If larger amounts of printed products for further processing are provided in this way, a stacker 30 can be arranged in addition to the feed conveyor 16, can be sorted out by the individual print products to packages of a few or a larger number of printed products.

According to a further advantageous embodiment, as illustrated in Fig. 5, further printed products by a arranged below the feed 11 rod feeder 12 with a third conveying speed W on the Aufschuppband 14 abandon where they are transported at a fourth conveying speed J. , With the help of the rod conveyor 12, printed products in larger numbers can be introduced into the scale flow on the slip-on belt 14 as an alternative or in addition to the task via the transporters TRI, TR2 and alternatively to the manual task according to FIGS. 4 and 6 and / or for delivery from the destacker 30 become.

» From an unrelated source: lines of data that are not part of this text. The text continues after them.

(* Let $Q\in\mathbb{R}^{n\times n}$ be symmetric positive definite, $h\in\mathbb{R}^n$, $\delta>0$, and $F(x)=\tfrac12x^TQx-x^Th$. Let $x^0\in\mathbb{R}^n$ have all entries positive and define the sequence $(x^k)$ by \[ x^{k+1}_i=x^k_i\,\frac{2(Q^-x^k)_i+h_i^++\delta}{(|Q|x^k)_i+h_i^-+\delta},\quad i=1,\dots,n . \] Then every $x^k$ has all entries positive, $F(x^{k+1})\le F(x^k)$ for all $k$, with strict inequality whenever $x^{k+1}\neq x^k$; and the sequence $F(x^k)$ converges to the global minimum of $F$ over $\{x\in\mathbb{R}^n: x\ge 0\}$, which is attained at the stationary point of the iteration.
   Context: For a matrix $M$, $M^+=\max(M,0)$ and $M^-=\max(-M,0)$ entrywise, and $|M|=M^++M^-$; for a vector $h$, $h^+=\max(h,0)$, $h^-=\max(-h,0)$ entrywise. The problem considered is the nonnegative quadratic program $\min F(x)$ subject to $x\ge 0$ (entrywise). *)

theory Defs
  imports "HOL-Analysis.Analysis"
begin

definition mat_pos :: "real^'n^'m \<Rightarrow> real^'n^'m" where
  "mat_pos M = (\<chi> i j. max (M $ i $ j) 0)"

definition mat_neg :: "real^'n^'m \<Rightarrow> real^'n^'m" where
  "mat_neg M = (\<chi> i j. max (- (M $ i $ j)) 0)"

definition mat_abs :: "real^'n^'m \<Rightarrow> real^'n^'m" where
  "mat_abs M = mat_pos M + mat_neg M"

definition vec_pos :: "real^'n \<Rightarrow> real^'n" where
  "vec_pos h = (\<chi> i. max (h $ i) 0)"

Fig. 5 and Fig. 8 additionally show the use of a pivotable about an axis 36 stowage element 32 of a back-up device whose structure and operation in a separate patent application (CH Patent Application No. 00872/08 dated 9.06.2008) is described. If this baffle element 32 is pivoted by means of a pneumatic, hydraulic or the like. By the angle a and thereby lowered with the free end on the Aufschuppband 14, which is located on the Aufschuppband 14 scale flow can accumulate controlled. In this way, the incoming scale flow upstream of the stacking device 26 in the feed conveyor 16 can be completely stopped and stored, as indicated in FIG. 8. Despite continued rotation, that is, in online mode, the product supply to the feed conveyor 16 can thereby be completely interrupted for a short time and the product stack 23 can be temporarily replaced in another way, e.g. be supplied manually or automatically via the stacker 30 from above, with other printed products.

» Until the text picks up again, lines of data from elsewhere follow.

(* Let $W,V$ be B-DMCs on a common output alphabet. Let $B_1,B_2,\dots$ be i.i.d. uniform on $\{-,+\}$, set $i_0=1$ and $i_{n}=2i_{n-1}-1$ if $B_n=-$, $i_n=2i_{n-1}$ if $B_n=+$, and let $X_n=\mathbb P_W\big[L_{V_{2^n}^{(i_n)}}(y_1^{2^n})=1\big]$. Then $(X_n)_{n\ge0}$ is a submartingale with respect to the filtration generated by $B_1,B_2,\dots$, taking values in $[0,1]$; it converges almost surely, and its almost sure limit takes values in $\{0,1\}$.
   Context: A B-DMC $W:\{0,1\}\to\mathcal Y$ is given by transition probabilities $W(y|x)$, $\mathcal Y$ finite; $L_W(y)=W(y|1)/W(y|0)$. For a B-DMC $W$: $W^-(y_1y_2|u_1)=\sum_{u_2}\tfrac12W(y_1|u_1\oplus u_2)W(y_2|u_2)$, $W^+(y_1y_2u_1|u_2)=\tfrac12W(y_1|u_1\oplus u_2)W(y_2|u_2)$. Synthetic channels: $W_1^{(1)}=W$, $W_{2N}^{(2i-1)}=(W_N^{(i)})^-$, $W_{2N}^{(2i)}=(W_N^{(i)})^+$; an output of $W_N^{(i)}$ is written $(y_1^N,u_1^{i-1})$ as in Arıkan's construction, and $L_{V_N^{(i)}}(y_1^N):=L_{V_N^{(i)}}(y_1^N,0_1^{i-1})$. These satisfy, with $L_1=L_{V_N^{(i)}}(y_1^N)$, $L_2=L_{V_N^{(i)}}(y_{N+1}^{2N})$: $L_{V_{2N}^{(2i-1)}}(y_1^{2N})=\frac{L_1+L_2}{1+L_1L_2}$, $L_{V_{2N}^{(2i)}}(y_1^{2N})=L_1L_2$. Notation: $W(y_1^N|0_1^N)=\prod_{j}W(y_j|0)$ and $\mathbb P_W[E]=\sum_{y_1^N}W(y_1^N|0_1^N)\mathbf 1\{E\}$. *)

theory Defs
  imports "HOL-Probability.Probability"
begin

(* A B-DMC W : {0,1} -> Y with finite output alphabet 'y; the input bit 0 is False,
   1 is True; W y x is the transition probability W(y|x). *)
definition bdmc :: "('y::finite \<Rightarrow> bool \<Rightarrow> real) \<Rightarrow> bool" where
  "bdmc W \<longleftrightarrow> (\<forall>y x. 0 \<le> W y x) \<and> (\<forall>x. (\<Sum>y\<in>UNIV. W y x) = 1)"

(* synth V bs ys u = V_N^{(i)}((y_1^N, 0_1^{i-1}) | u), the transition probability of the
   synthetic channel at output y_1^N together with the all-zero past bits.
   bs = [B_n, B_{n-1}, ..., B_1] (outermost transform first), True = '+', False = '-',
   N = 2^(length bs) = length ys; the first half of ys feeds L_1, the second half L_2. *)
fun synth :: "('y \<Rightarrow> bool \<Rightarrow> real) \<Rightarrow> bool list \<Rightarrow> 'y list \<Rightarrow> bool \<Rightarrow> real" where
  "synth V [] ys u = V (hd ys) u"
| "synth V (b # bs) ys u =
     (let ys1 = take (length ys div 2) ys; ys2 = drop (length ys div 2) ys in
      if b then (1/2) * synth V bs ys1 u * synth V bs ys2 u
      else (\<Sum>u2\<in>UNIV. (1/2) * synth V bs ys1 (u \<noteq> u2) * synth V bs ys2 u2))"

(* The event L_{V_N^{(i)}}(y_1^N) = 1, i.e. V_N^{(i)}(y,0|1) / V_N^{(i)}(y,0|0) = 1,
   with the ratio read projectively (0/0 counts as 1, a/0 = infinity for a > 0). *)
definition LR_is_one :: "('y \<Rightarrow> bool \<Rightarrow> real) \<Rightarrow> bool list \<Rightarrow> 'y list \<Rightarrow> bool" where
  "LR_is_one V bs ys \<longleftrightarrow> synth V bs ys True = synth V bs ys False"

However, the pent-up scale stream 38 can also be used for additional temporary storage when the stack 23 at the entrance of the feed conveyor 16, for example, can not be degraded fast enough. The use of the damming element 32 can be controlled in principle by the stack control, which causes a permanent overrun of the upper value of the stack height range damming the printed products on the conveyor belt of the bridge 21 and possibly on the Aufschuppband 14.

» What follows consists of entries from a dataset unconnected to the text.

theorem proposition4:
  fixes p m q n n_l u s s_l r d_l \<mu> \<kappa> :: nat
    and e :: int
    and Fq Fql Fqs Fqls :: "'a::{field,finite} set"
    and \<alpha> \<beta> :: 'a
    and C L :: "'a poly set"
    and a f h \<Lambda> \<Omega> :: "'a poly"
    and Z E :: "nat set"
    and err :: "nat \<Rightarrow> 'a"
    and \<gamma> :: "nat \<Rightarrow> 'a"
  assumes q_def: "prime p" "m \<ge> 1" "q = p ^ m"
    and pos: "n \<ge> 1" "n_l \<ge> 1" "u \<ge> 1" "s \<ge> 1" "s_l \<ge> 1"
    and r_def: "r = lcm s (u * s_l)"
    and card_field: "card (UNIV :: 'a set) = q ^ r"
    and Fq: "is_subfield Fq" "card Fq = q"
    and Fql: "is_subfield Fql" "card Fql = q ^ u"
    and Fqs: "is_subfield Fqs" "card Fqs = q ^ s"
    and Fqls: "is_subfield Fqls" "card Fqls = q ^ (u * s_l)"
    and coprime_nq: "coprime n q"
    and coprime_nlql: "coprime n_l (q ^ u)"
    and coprime_nnl: "coprime n n_l"
    and C: "cyclic_code Fq n C"
    and L: "cyclic_code Fql n_l L"
    and dl: "d_l = min_distance L"
    and alpha: "\<alpha> \<in> Fqs" "mult_order_is \<alpha> n"
    and beta: "\<beta> \<in> Fqls" "mult_order_is \<beta> n_l"
    and nzl: "nonzero_locator_with C L \<alpha> \<beta> \<mu> e"
    and a: "a \<in> L" "Z = support a" "card Z = d_l"
    and f_def: "f = (\<Prod>j\<in>Z. [:1, - (\<beta> ^ j):])"
    and h_def: "h = (\<Sum>j\<in>Z. smult (coeff a j) (\<Prod>l\<in>Z - {j}. [:1, - (\<beta> ^ l):]))"
    and kappa: "\<kappa> \<in> Z"
    and gamma: "\<And>i. i < n \<Longrightarrow> \<gamma> i = inverse (\<beta> ^ \<kappa>) * inverse (\<alpha> ^ i)"
    and E: "E \<subseteq> {0..<n}"
    and err: "\<And>i. i \<in> E \<Longrightarrow> err i \<in> Fq"
    and Lambda_def: "\<Lambda> = (\<Prod>i\<in>E. pcompose f [:0, \<alpha> ^ i:])"
    and Omega_def: "\<Omega> = (\<Sum>i\<in>E. smult (err i * \<alpha> powi (int i * e))
                       (pcompose h [:0, \<alpha> ^ i:] * (\<Prod>l\<in>E - {i}. pcompose f [:0, \<alpha> ^ l:])))"
  shows "\<forall>i\<in>E.
     err i = poly \<Omega> (\<gamma> i) /
       (\<alpha> powi (int i * e) * poly h (\<gamma> i * \<alpha> ^ i) * (\<Prod>l\<in>E - {i}. poly f (\<gamma> i * \<alpha> ^ l)))
   \<and> err i = poly \<Omega> (\<gamma> i) * \<alpha> ^ i * poly (pderiv f) (\<gamma> i * \<alpha> ^ i) /
       (poly (pderiv \<Lambda>) (\<gamma> i) * \<alpha> powi (int i * e) * poly h (\<gamma> i * \<alpha> ^ i))"
proof
  fix i assume "i \<in> E"
  have "degree a < n_l" using a(1) L unfolding cyclic_code_def by blast
  then have Z_less: "j < n_l" if "j \<in> Z" for j
    using that a(2) le_degree unfolding support_def by fastforce
  then have "finite Z" by (meson finite_lessThan finite_subset lessThan_iff subsetI)
  have "inj_on (\<lambda>j. \<beta> ^ j) Z"
    using beta(2) Z_less by (auto intro: inj_onI mult_order_is_pow_inj)
  have \<alpha>0: "\<alpha> \<noteq> 0" and \<beta>0: "\<beta> ^ \<kappa> \<noteq> 0"
    using alpha(2) beta(2) by (simp_all add: mult_order_is_nonzero)
  have x0: "\<gamma> i * \<alpha> ^ i = inverse (\<beta> ^ \<kappa>)"
    using gamma \<open>i \<in> E\<close> E \<alpha>0 by auto
  have "poly f (\<gamma> i * \<alpha> ^ l) \<noteq> 0" if "l \<in> E" "l \<noteq> i" for l
    using that \<open>i \<in> E\<close> E x0 \<beta>0 \<open>finite Z\<close> unfolding f_def
    by (intro poly_prod_linear_factors_at_other_power_nonzero[OF alpha(2) beta(2) coprime_nnl,
          where \<kappa> = \<kappa>]) auto
  moreover have "poly f (\<gamma> i * \<alpha> ^ i) = 0"
    using kappa \<open>finite Z\<close> \<beta>0 unfolding x0 f_def poly_prod_linear_factors_eq_0_iff[OF \<open>finite Z\<close>]
    by (intro bexI[of _ \<kappa>]) simp_all
  moreover have "coeff a \<kappa> \<noteq> 0" using kappa a(2) unfolding support_def by auto
  ultimately show "err i = poly \<Omega> (\<gamma> i) /
       (\<alpha> powi (int i * e) * poly h (\<gamma> i * \<alpha> ^ i) * (\<Prod>l\<in>E - {i}. poly f (\<gamma> i * \<alpha> ^ l)))
   \<and> err i = poly \<Omega> (\<gamma> i) * \<alpha> ^ i * poly (pderiv f) (\<gamma> i * \<alpha> ^ i) /
       (poly (pderiv \<Lambda>) (\<gamma> i) * \<alpha> powi (int i * e) * poly h (\<gamma> i * \<alpha> ^ i))"
    using \<open>i \<in> E\<close> E finite_subset \<alpha>0 \<beta>0
      prod_linear_factors_remove_root_nonzero[OF \<open>finite Z\<close> kappa \<open>inj_on _ Z\<close>]
      poly_pderiv_prod_linear_factors_root[OF \<open>finite Z\<close> kappa, of "\<lambda>j. \<beta> ^ j"]
      poly_sum_smult_prod_linear_factors_root[OF \<open>finite Z\<close> kappa, of "\<lambda>j. \<beta> ^ j"]
    by (intro error_evaluator_at_root[OF _ _ Lambda_def Omega_def])
       (auto simp: x0 f_def h_def)
qed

In a further embodiment of the device according to the invention, as shown in FIG. 9, the damming element 32 of the damming device is not above the slip-on belt directly in front of the stacking device 26 in the feed conveyor 16 but in the region of the feed 11 in front of the downwards facing Boom. The shingled stream delivered from the rotation can thus be dammed up immediately after the takeover. In this way, the incoming product stream can be completely stopped and stored for a short time before it reaches the Aufschuppband 14 at all. As indicated in FIG. 8, additional products may, for example, be fed to the slip-on belt 14 from a bar feeder by means of segment accelerators 40 at a conveying speed K. These products can be supplied in groups in imbricated formation, if, for example, previously by means of a stowage element 32, a gap in the product flow on the slip-up belt was generated.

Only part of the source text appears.